From the records below, transcribe exactly the lines that begin at the line with "using norm_le_l1_cart[of x] assms by simp" and end at the line with "obtain a :: 'd", both included.

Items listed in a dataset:
* * * * *
(* Let $e_i\in\mathbb{R}^d$ have strictly positive coordinates and $\xi>0$. Then the budget correspondence $p\mapsto\mathcal B_i(p)$ is $(d^{3/2}/\xi^2)\|e_i\|$-Hausdorff Lipschitz on $\Delta_\xi$, i.e. for all $p_1,p_2\in\Delta_\xi$, $d_H(\mathcal B_i(p_1),\mathcal B_i(p_2))\le\frac{d^{3/2}}{\xi^2}\|e_i\|\,\|p_1-p_2\|$.
   Context: $\Delta_\xi=\{p\in\mathbb{R}^d:p_k>\xi\ \forall k\in[d],\ \sum_{k=1}^d p_k=1\}$; $\mathcal B_i(p)=\{x\in\mathbb{R}^d_+:p\cdot x\le p\cdot e_i\}$ is the budget set of agent $i$ with endowment $e_i$; $d_H$ is the Hausdorff distance with respect to the Euclidean norm $\|\cdot\|$. *)

theory Defs
  imports "HOL-Analysis.Analysis"
begin

definition hausdorff_dist :: "'a::metric_space set \<Rightarrow> 'a set \<Rightarrow> real" where
  "hausdorff_dist A B = max (SUP a\<in>A. infdist a B) (SUP b\<in>B. infdist b A)"

definition trimmed_simplex :: "real \<Rightarrow> (real ^ 'd) set" where
  "trimmed_simplex \<xi> = {p. (\<forall>k. p $ k > \<xi>) \<and> (\<Sum>k\<in>UNIV. p $ k) = 1}"

definition budget_set :: "real ^ 'd \<Rightarrow> real ^ 'd \<Rightarrow> (real ^ 'd) set" where
  "budget_set e p = {x. (\<forall>k. x $ k \<ge> 0) \<and> p \<bullet> x \<le> p \<bullet> e}"

end

theory Submission
  imports Defs
begin

text \<open>Every point of the budget set has norm at most \<open>\<parallel>e\<parallel>/\<xi>\<close>, since prices on
  \<open>\<Delta>\<^sub>\<xi>\<close> satisfy \<open>\<xi>\<parallel>x\<parallel> \<le> p\<cdot>x\<close> for \<open>x \<ge> 0\<close>. A point \<open>x\<close> of \<open>\<B>(p\<^sub>1)\<close> lying outside
  \<open>\<B>(p\<^sub>2)\<close> is scaled radially onto the budget hyperplane of \<open>p\<^sub>2\<close>; this moves it by at
  most the budget excess \<open>p\<^sub>2\<cdot>x - p\<^sub>2\<cdot>e\<close> divided by \<open>\<xi>\<close>, and the excess is
  \<open>(p\<^sub>2 - p\<^sub>1)\<cdot>(x - e)\<close> minus a nonnegative slack, hence at most
  \<open>\<parallel>p\<^sub>1 - p\<^sub>2\<parallel>(1/\<xi> + 1)\<parallel>e\<parallel>\<close>. This gives the sharper constant \<open>(1 + \<xi>)/\<xi>\<^sup>2\<close>, which is
  below \<open>d\<^bsup>3/2\<^esup>/\<xi>\<^sup>2\<close> because \<open>d\<xi> < 1\<close>; for \<open>d = 1\<close> the trimmed simplex has at most one point.\<close>

lemma norm_le_sum_nonneg_cart:
  fixes x :: "real ^ 'd"
  assumes "\<forall>k. x $ k \<ge> 0"
  shows "norm x \<le> (\<Sum>k\<in>UNIV. x $ k)"
  using norm_le_l1_cart[of x] assms by simp

lemma trimmed_simplex_nonneg:
  assumes "p \<in> trimmed_simplex \<xi>" "\<xi> \<ge> 0"
  shows "p $ k \<ge> 0"
  using assms by (auto simp: trimmed_simplex_def intro: less_imp_le order.strict_trans1)

lemma trimmed_simplex_card_mult_less_one:
  assumes "(p :: real ^ 'd) \<in> trimmed_simplex \<xi>"
  shows "real CARD('d) * \<xi> < 1"
proof -
  have "real CARD('d) * \<xi> = (\<Sum>k\<in>(UNIV :: 'd set). \<xi>)" by simp
  also have "\<dots> < (\<Sum>k\<in>UNIV. p $ k)"
    using assms by (intro sum_strict_mono) (auto simp: trimmed_simplex_def)
  finally show ?thesis using assms by (simp add: trimmed_simplex_def)
qed

lemma trimmed_simplex_card_one_eq:
  assumes "CARD('d) = 1" "p1 \<in> trimmed_simplex \<xi>" "p2 \<in> trimmed_simplex \<xi>"
  shows "p1 = (p2 :: real ^ 'd)"
proof -
  obtain a :: 'd where UNIV_eq: "UNIV = {a}" using assms(1) card_1_singletonE by blast
  have "p1 $ a = 1" "p2 $ a = 1" using assms(2,3) by (auto simp: trimmed_simplex_def UNIV_eq)
  then show ?thesis by (simp add: vec_eq_iff) (metis UNIV_eq UNIV_I singletonD)
qed

lemma norm_trimmed_simplex_le_one:
  assumes "p \<in> trimmed_simplex \<xi>" "\<xi> \<ge> 0"
  shows "norm p \<le> 1"
  using norm_le_sum_nonneg_cart[of p] trimmed_simplex_nonneg[OF assms] assms(1)
  by (simp add: trimmed_simplex_def)

lemma trimmed_simplex_inner_ge:
  fixes x p :: "real ^ 'd"
  assumes "p \<in> trimmed_simplex \<xi>" "\<xi> \<ge> 0" "\<forall>k. x $ k \<ge> 0"
  shows "\<xi> * norm x \<le> p \<bullet> x"
proof -
  have "\<xi> * norm x \<le> \<xi> * (\<Sum>k\<in>UNIV. x $ k)"
    using norm_le_sum_nonneg_cart[OF assms(3)] assms(2) by (rule mult_left_mono)
  also have "\<dots> = (\<Sum>k\<in>UNIV. \<xi> * x $ k)" by (simp add: sum_distrib_left)
  also have "\<dots> \<le> (\<Sum>k\<in>UNIV. p $ k * x $ k)"
    using assms(1,3) by (intro sum_mono mult_right_mono) (auto simp: trimmed_simplex_def less_imp_le)
  also have "\<dots> = p \<bullet> x" by (simp add: inner_vec_def)
  finally show ?thesis .
qed

lemma trimmed_simplex_inner_nonneg:
  fixes x p :: "real ^ 'd"
  assumes "p \<in> trimmed_simplex \<xi>" "\<xi> \<ge> 0" "\<forall>k. x $ k \<ge> 0"
  shows "0 \<le> p \<bullet> x"
  using trimmed_simplex_inner_ge[OF assms] assms(2) by (meson mult_nonneg_nonneg norm_ge_zero order_trans)

lemma norm_budget_set_le:
  assumes "x \<in> budget_set e p" "p \<in> trimmed_simplex \<xi>" "\<xi> \<ge> 0"
  shows "\<xi> * norm x \<le> norm e"
proof -
  have "\<xi> * norm x \<le> p \<bullet> x"
    using assms by (intro trimmed_simplex_inner_ge) (auto simp: budget_set_def)
  also have "\<dots> \<le> p \<bullet> e" using assms(1) by (simp add: budget_set_def)
  also have "\<dots> \<le> norm p * norm e" by (rule norm_cauchy_schwarz)
  also have "\<dots> \<le> norm e"
    using norm_trimmed_simplex_le_one[OF assms(2,3)] by (simp add: mult_left_le_one_le)
  finally show ?thesis .
qed

lemma zero_in_budget_set:
  assumes "0 \<le> p \<bullet> e"
  shows "0 \<in> budget_set e p"
  using assms by (simp add: budget_set_def)

lemma infdist_budget_set_le_excess:
  fixes x e p :: "real ^ 'd"
  assumes "p \<in> trimmed_simplex \<xi>" "\<xi> > 0" "0 \<le> p \<bullet> e" "\<forall>k. x $ k \<ge> 0"
  shows "infdist x (budget_set e p) \<le> max 0 (p \<bullet> x - p \<bullet> e) / \<xi>"
proof (cases "p \<bullet> x \<le> p \<bullet> e")
  case True
  then show ?thesis using assms(4) by (simp add: budget_set_def)
next
  case False
  define t where "t = (p \<bullet> e) / (p \<bullet> x)"
  have px_pos: "p \<bullet> x > 0" using False assms(3) by linarith
  have t: "0 \<le> t" "t \<le> 1" using False assms(3) px_pos by (auto simp: t_def)
  have "\<forall>k. (t *\<^sub>R x) $ k \<ge> 0" using t(1) assms(4) by simp
  moreover have "p \<bullet> (t *\<^sub>R x) = p \<bullet> e" using px_pos by (simp add: t_def)
  ultimately have "t *\<^sub>R x \<in> budget_set e p" by (simp add: budget_set_def)
  then have "infdist x (budget_set e p) \<le> dist x (t *\<^sub>R x)" by (rule infdist_le)
  also have "\<dots> = (1 - t) * norm x"
  proof -
    have "x - t *\<^sub>R x = (1 - t) *\<^sub>R x" by (simp add: algebra_simps)
    then show ?thesis using t by (simp add: dist_norm)
  qed
  also have "\<dots> = (p \<bullet> x - p \<bullet> e) * (norm x / (p \<bullet> x))"
    using px_pos by (simp add: t_def field_simps)
  also have "\<dots> \<le> (p \<bullet> x - p \<bullet> e) * (1 / \<xi>)"
    using trimmed_simplex_inner_ge[OF assms(1) _ assms(4)] False px_pos assms(2)
    by (intro mult_left_mono) (simp_all add: field_simps)
  finally show ?thesis using False by (simp add: max_def)
qed

lemma infdist_budget_set_le_price_dist:
  fixes e :: "real ^ 'd"
  assumes e: "\<forall>k. e $ k \<ge> 0" and "\<xi> > 0"
    and p1: "p1 \<in> trimmed_simplex \<xi>" and p2: "p2 \<in> trimmed_simplex \<xi>"
    and x: "x \<in> budget_set e p1"
  shows "infdist x (budget_set e p2) \<le> (1 + \<xi>) / \<xi>\<^sup>2 * norm e * norm (p1 - p2)"
proof -
  have x_nonneg: "\<forall>k. x $ k \<ge> 0" using x by (simp add: budget_set_def)
  have p2_e: "0 \<le> p2 \<bullet> e"
    using trimmed_simplex_inner_nonneg[OF p2 _ e] \<open>\<xi> > 0\<close> by simp
  have "p2 \<bullet> x - p2 \<bullet> e \<le> (p2 - p1) \<bullet> (x - e)"
    using x by (simp add: budget_set_def inner_diff_left inner_diff_right)
  also have "\<dots> \<le> norm (p1 - p2) * norm (x - e)"
    using norm_cauchy_schwarz by (metis norm_minus_commute)
  also have "\<dots> \<le> norm (p1 - p2) * (norm e / \<xi> + norm e)"
  proof (rule mult_left_mono)
    have "norm x \<le> norm e / \<xi>"
      using norm_budget_set_le[OF x p1] \<open>\<xi> > 0\<close> by (simp add: field_simps)
    then show "norm (x - e) \<le> norm e / \<xi> + norm e"
      using norm_triangle_ineq4[of x e] by linarith
  qed simp
  finally have excess: "max 0 (p2 \<bullet> x - p2 \<bullet> e) \<le> norm (p1 - p2) * (norm e / \<xi> + norm e)"
    using \<open>\<xi> > 0\<close> by simp
  have "infdist x (budget_set e p2) \<le> max 0 (p2 \<bullet> x - p2 \<bullet> e) / \<xi>"
    using infdist_budget_set_le_excess[OF p2 \<open>\<xi> > 0\<close> p2_e x_nonneg] .
  also have "\<dots> \<le> norm (p1 - p2) * (norm e / \<xi> + norm e) / \<xi>"
    using excess \<open>\<xi> > 0\<close> by (simp add: divide_right_mono)
  also have "\<dots> = (1 + \<xi>) / \<xi>\<^sup>2 * norm e * norm (p1 - p2)"
    using \<open>\<xi> > 0\<close> by (simp add: field_simps power2_eq_square)
  finally show ?thesis .
qed

lemma hausdorff_dist_le:
  assumes "A \<noteq> {}" "B \<noteq> {}" "\<forall>a\<in>A. infdist a B \<le> c" "\<forall>b\<in>B. infdist b A \<le> c"
  shows "hausdorff_dist A B \<le> c"
  using assms by (simp add: hausdorff_dist_def cSUP_least)

lemma hausdorff_dist_budget_set_le:
  fixes e :: "real ^ 'd"
  assumes "\<forall>k. e $ k \<ge> 0" "\<xi> > 0" "p1 \<in> trimmed_simplex \<xi>" "p2 \<in> trimmed_simplex \<xi>"
  shows "hausdorff_dist (budget_set e p1) (budget_set e p2)
         \<le> (1 + \<xi>) / \<xi>\<^sup>2 * norm e * norm (p1 - p2)"
proof (rule hausdorff_dist_le)
  have "0 \<in> budget_set e p" if "p \<in> trimmed_simplex \<xi>" for p
    using trimmed_simplex_inner_nonneg[OF that _ assms(1)] assms(2) by (simp add: zero_in_budget_set)
  then show "budget_set e p1 \<noteq> {}" "budget_set e p2 \<noteq> {}" using assms(3,4) by auto
  show "\<forall>x\<in>budget_set e p1. infdist x (budget_set e p2)
          \<le> (1 + \<xi>) / \<xi>\<^sup>2 * norm e * norm (p1 - p2)"
    using infdist_budget_set_le_price_dist[OF assms] by blast
  show "\<forall>x\<in>budget_set e p2. infdist x (budget_set e p1)
          \<le> (1 + \<xi>) / \<xi>\<^sup>2 * norm e * norm (p1 - p2)"
    using infdist_budget_set_le_price_dist[OF assms(1,2,4,3)] by (simp add: norm_minus_commute)
qed

lemma one_plus_trimming_le_card_powr:
  assumes "CARD('d) \<ge> 2" "(p :: real ^ 'd) \<in> trimmed_simplex \<xi>"
  shows "1 + \<xi> \<le> real CARD('d) powr (3/2)"
proof -
  have "\<xi> < 1"
  proof (cases "\<xi> \<le> 0")
    case False
    then have "\<xi> * 1 \<le> \<xi> * real CARD('d)" using assms(1) by (intro mult_left_mono) auto
    then show ?thesis using trimmed_simplex_card_mult_less_one[OF assms(2)] by (simp add: mult.commute)
  qed simp
  then have "1 + \<xi> \<le> real CARD('d) powr 1" using assms(1) by simp
  also have "\<dots> \<le> real CARD('d) powr (3/2)" using assms(1) by (intro powr_mono) auto
  finally show ?thesis .
qed

theorem mainTheorem18:
  fixes e :: "real ^ 'd" and \<xi> :: real
  assumes "\<forall>k. e $ k > 0"
    and "\<xi> > 0"
    and "p1 \<in> trimmed_simplex \<xi>" and "p2 \<in> trimmed_simplex \<xi>"
  shows "hausdorff_dist (budget_set e p1) (budget_set e p2)
         \<le> (real CARD('d) powr (3/2) / \<xi>\<^sup>2) * norm e * norm (p1 - p2)"
proof -
  have "hausdorff_dist (budget_set e p1) (budget_set e p2)
        \<le> (1 + \<xi>) / \<xi>\<^sup>2 * norm e * norm (p1 - p2)"
    using assms by (intro hausdorff_dist_budget_set_le) (auto intro: less_imp_le)
  also have "\<dots> \<le> (real CARD('d) powr (3/2) / \<xi>\<^sup>2) * norm e * norm (p1 - p2)"
  proof (cases "CARD('d) = 1")
    case True
    then show ?thesis using trimmed_simplex_card_one_eq[OF True assms(3,4)] by simp
  next
    case False
    then have "CARD('d) \<ge> 2" using zero_less_card_finite[where 'a='d] by linarith
    then show ?thesis using one_plus_trimming_le_card_powr[OF _ assms(3)]
      by (intro mult_right_mono divide_right_mono) auto
  qed
  finally show ?thesis .
qed

end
* * * * *
### FINAL ANSWER
  using norm_le_l1_cart[of x] assms by simp

lemma trimmed_simplex_nonneg:
  assumes "p \<in> trimmed_simplex \<xi>" "\<xi> \<ge> 0"
  shows "p $ k \<ge> 0"
  using assms by (auto simp: trimmed_simplex_def intro: less_imp_le order.strict_trans1)

lemma trimmed_simplex_card_mult_less_one:
  assumes "(p :: real ^ 'd) \<in> trimmed_simplex \<xi>"
  shows "real CARD('d) * \<xi> < 1"
proof -
  have "real CARD('d) * \<xi> = (\<Sum>k\<in>(UNIV :: 'd set). \<xi>)" by simp
  also have "\<dots> < (\<Sum>k\<in>UNIV. p $ k)"
    using assms by (intro sum_strict_mono) (auto simp: trimmed_simplex_def)
  finally show ?thesis using assms by (simp add: trimmed_simplex_def)
qed

lemma trimmed_simplex_card_one_eq:
  assumes "CARD('d) = 1" "p1 \<in> trimmed_simplex \<xi>" "p2 \<in> trimmed_simplex \<xi>"
  shows "p1 = (p2 :: real ^ 'd)"
proof -
  obtain a :: 'd where UNIV_eq: "UNIV = {a}" using assms(1) card_1_singletonE by blast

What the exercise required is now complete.